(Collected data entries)
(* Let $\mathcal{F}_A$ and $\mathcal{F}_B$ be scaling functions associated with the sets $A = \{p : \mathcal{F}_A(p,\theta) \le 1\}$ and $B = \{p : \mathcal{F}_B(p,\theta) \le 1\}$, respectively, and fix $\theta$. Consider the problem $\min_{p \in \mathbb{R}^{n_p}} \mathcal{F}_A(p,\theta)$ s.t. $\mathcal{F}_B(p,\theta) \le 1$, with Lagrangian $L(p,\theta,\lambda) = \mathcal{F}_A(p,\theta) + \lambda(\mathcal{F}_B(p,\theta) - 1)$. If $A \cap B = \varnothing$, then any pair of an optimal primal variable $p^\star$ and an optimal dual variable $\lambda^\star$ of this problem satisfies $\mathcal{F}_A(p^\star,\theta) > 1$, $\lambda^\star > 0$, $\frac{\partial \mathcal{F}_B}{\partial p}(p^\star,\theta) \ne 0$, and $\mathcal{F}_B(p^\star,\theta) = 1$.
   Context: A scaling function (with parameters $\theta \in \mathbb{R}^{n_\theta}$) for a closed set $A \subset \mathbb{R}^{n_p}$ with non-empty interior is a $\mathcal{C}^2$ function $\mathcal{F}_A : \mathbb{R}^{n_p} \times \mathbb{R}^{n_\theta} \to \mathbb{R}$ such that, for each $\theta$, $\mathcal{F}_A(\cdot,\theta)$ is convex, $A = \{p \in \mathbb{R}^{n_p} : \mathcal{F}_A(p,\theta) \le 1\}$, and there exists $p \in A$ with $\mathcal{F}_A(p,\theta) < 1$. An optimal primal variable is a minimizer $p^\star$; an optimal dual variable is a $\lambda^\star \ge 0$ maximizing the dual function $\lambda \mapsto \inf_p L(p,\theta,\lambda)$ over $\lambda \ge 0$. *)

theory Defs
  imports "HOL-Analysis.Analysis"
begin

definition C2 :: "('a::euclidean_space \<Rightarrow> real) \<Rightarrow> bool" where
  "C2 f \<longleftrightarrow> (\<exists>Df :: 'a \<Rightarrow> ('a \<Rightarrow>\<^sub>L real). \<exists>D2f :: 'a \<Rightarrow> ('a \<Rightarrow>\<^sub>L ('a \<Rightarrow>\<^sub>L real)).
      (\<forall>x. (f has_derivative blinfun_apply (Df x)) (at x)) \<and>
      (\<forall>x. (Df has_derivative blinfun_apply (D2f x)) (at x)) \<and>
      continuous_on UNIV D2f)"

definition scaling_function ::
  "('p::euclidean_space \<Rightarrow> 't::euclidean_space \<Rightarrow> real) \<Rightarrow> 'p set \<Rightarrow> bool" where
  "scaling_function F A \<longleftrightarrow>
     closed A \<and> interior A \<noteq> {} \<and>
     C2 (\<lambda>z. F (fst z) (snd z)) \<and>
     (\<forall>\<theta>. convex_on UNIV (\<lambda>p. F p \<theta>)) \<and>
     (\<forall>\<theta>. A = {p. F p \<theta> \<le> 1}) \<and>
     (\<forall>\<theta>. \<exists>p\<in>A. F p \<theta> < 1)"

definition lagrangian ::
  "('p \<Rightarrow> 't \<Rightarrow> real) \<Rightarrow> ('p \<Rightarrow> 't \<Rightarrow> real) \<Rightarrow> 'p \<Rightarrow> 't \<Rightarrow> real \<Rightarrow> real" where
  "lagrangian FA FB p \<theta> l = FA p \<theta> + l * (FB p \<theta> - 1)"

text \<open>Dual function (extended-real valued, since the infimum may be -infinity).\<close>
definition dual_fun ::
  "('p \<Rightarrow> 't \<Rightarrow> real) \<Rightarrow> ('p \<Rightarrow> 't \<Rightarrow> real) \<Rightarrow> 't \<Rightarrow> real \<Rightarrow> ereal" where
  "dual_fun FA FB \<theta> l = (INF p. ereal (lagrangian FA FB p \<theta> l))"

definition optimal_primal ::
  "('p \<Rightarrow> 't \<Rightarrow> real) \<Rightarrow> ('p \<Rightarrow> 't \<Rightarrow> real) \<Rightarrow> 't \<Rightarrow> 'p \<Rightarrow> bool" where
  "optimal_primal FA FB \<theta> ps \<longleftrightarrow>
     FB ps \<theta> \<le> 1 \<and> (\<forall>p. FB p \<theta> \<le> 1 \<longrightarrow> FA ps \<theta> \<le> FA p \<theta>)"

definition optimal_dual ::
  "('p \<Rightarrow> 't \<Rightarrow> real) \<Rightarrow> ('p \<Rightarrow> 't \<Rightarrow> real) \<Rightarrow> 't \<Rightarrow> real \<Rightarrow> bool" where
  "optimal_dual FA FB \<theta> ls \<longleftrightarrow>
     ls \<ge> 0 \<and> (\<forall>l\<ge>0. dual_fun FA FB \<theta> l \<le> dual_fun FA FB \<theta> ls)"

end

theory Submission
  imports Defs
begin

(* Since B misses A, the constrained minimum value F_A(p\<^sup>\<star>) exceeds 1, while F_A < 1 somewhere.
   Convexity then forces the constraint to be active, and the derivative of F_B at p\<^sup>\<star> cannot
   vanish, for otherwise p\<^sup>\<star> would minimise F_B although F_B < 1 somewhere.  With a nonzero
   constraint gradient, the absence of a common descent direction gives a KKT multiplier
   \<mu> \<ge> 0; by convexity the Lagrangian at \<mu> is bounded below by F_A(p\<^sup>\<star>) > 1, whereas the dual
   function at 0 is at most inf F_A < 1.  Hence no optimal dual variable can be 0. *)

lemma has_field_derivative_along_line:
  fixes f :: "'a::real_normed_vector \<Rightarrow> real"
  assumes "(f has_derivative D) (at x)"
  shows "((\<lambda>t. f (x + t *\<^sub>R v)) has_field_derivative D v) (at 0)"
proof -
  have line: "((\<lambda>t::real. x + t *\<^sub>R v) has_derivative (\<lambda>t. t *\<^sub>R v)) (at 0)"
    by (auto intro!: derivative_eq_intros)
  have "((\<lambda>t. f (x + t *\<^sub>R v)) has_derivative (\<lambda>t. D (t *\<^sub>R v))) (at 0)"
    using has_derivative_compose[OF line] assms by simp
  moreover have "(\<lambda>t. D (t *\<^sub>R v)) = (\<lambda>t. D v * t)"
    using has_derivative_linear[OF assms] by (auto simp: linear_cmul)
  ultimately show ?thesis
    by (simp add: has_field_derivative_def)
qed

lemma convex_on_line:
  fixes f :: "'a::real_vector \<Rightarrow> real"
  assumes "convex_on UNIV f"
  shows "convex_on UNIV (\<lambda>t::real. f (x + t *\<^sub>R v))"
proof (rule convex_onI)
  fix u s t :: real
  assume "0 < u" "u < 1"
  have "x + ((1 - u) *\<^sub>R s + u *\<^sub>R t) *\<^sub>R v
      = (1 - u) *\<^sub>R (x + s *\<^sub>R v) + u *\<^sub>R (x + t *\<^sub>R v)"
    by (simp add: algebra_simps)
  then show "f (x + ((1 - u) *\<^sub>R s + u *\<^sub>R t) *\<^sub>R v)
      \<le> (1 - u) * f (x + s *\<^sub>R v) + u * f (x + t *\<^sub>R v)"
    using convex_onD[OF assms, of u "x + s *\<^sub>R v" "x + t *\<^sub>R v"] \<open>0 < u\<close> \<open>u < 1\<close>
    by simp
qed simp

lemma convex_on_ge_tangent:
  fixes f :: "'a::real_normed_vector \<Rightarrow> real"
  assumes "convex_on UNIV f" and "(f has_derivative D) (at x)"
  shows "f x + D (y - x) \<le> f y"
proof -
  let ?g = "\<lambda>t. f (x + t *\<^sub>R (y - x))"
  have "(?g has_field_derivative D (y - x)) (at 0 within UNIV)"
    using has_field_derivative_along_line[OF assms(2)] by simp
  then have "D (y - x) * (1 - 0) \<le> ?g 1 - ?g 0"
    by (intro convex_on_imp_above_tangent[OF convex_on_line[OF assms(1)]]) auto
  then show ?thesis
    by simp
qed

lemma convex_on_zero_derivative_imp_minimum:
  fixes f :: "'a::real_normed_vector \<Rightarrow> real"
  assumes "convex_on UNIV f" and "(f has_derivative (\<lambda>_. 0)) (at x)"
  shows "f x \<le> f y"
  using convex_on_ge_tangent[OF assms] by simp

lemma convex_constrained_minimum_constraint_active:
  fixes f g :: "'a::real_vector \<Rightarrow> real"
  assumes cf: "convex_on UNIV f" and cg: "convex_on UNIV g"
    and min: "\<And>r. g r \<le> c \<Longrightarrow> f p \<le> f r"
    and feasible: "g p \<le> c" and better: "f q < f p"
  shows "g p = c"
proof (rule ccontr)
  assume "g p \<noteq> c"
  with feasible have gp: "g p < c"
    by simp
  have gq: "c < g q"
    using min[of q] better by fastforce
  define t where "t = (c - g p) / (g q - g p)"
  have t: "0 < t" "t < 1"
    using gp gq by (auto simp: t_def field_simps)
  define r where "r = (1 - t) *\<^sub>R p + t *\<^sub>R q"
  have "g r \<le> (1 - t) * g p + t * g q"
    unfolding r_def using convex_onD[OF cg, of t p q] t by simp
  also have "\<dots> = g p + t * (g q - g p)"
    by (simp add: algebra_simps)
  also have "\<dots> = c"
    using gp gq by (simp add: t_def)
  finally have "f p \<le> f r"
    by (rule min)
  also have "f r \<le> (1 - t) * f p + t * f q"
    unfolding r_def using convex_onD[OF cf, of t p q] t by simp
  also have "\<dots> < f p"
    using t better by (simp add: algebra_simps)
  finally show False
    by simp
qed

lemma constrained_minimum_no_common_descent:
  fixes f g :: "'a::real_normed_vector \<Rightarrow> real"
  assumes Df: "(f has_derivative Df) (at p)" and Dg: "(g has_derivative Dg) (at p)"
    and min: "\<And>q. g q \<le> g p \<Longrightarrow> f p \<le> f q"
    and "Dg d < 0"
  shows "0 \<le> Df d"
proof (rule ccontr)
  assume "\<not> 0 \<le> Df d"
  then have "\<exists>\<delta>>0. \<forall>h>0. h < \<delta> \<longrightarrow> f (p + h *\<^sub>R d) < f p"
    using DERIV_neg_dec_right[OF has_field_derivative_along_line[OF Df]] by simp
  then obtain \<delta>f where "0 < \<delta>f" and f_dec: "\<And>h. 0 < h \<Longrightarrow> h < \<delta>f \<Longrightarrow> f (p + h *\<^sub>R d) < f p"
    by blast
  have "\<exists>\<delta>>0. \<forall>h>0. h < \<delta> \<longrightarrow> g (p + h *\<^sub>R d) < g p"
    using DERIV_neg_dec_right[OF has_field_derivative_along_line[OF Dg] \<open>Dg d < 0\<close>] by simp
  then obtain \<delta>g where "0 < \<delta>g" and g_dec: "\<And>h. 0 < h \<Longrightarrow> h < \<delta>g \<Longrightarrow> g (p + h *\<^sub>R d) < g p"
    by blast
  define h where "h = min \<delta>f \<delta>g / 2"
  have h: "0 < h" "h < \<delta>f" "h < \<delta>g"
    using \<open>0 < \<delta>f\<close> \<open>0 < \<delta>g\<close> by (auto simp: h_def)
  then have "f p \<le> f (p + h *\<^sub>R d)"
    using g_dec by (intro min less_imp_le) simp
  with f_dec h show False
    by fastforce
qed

*REQUIRED WORK:*
Search the entries for "obtain" and copy each matching line.

*YOUR SOLUTION:*
  then obtain \<delta>f where "0 < \<delta>f" and f_dec: "\<And>h. 0 < h \<Longrightarrow> h < \<delta>f \<Longrightarrow> f (p + h *\<^sub>R d) < f p"
  then obtain \<delta>g where "0 < \<delta>g" and g_dec: "\<And>h. 0 < h \<Longrightarrow> h < \<delta>g \<Longrightarrow> g (p + h *\<^sub>R d) < g p"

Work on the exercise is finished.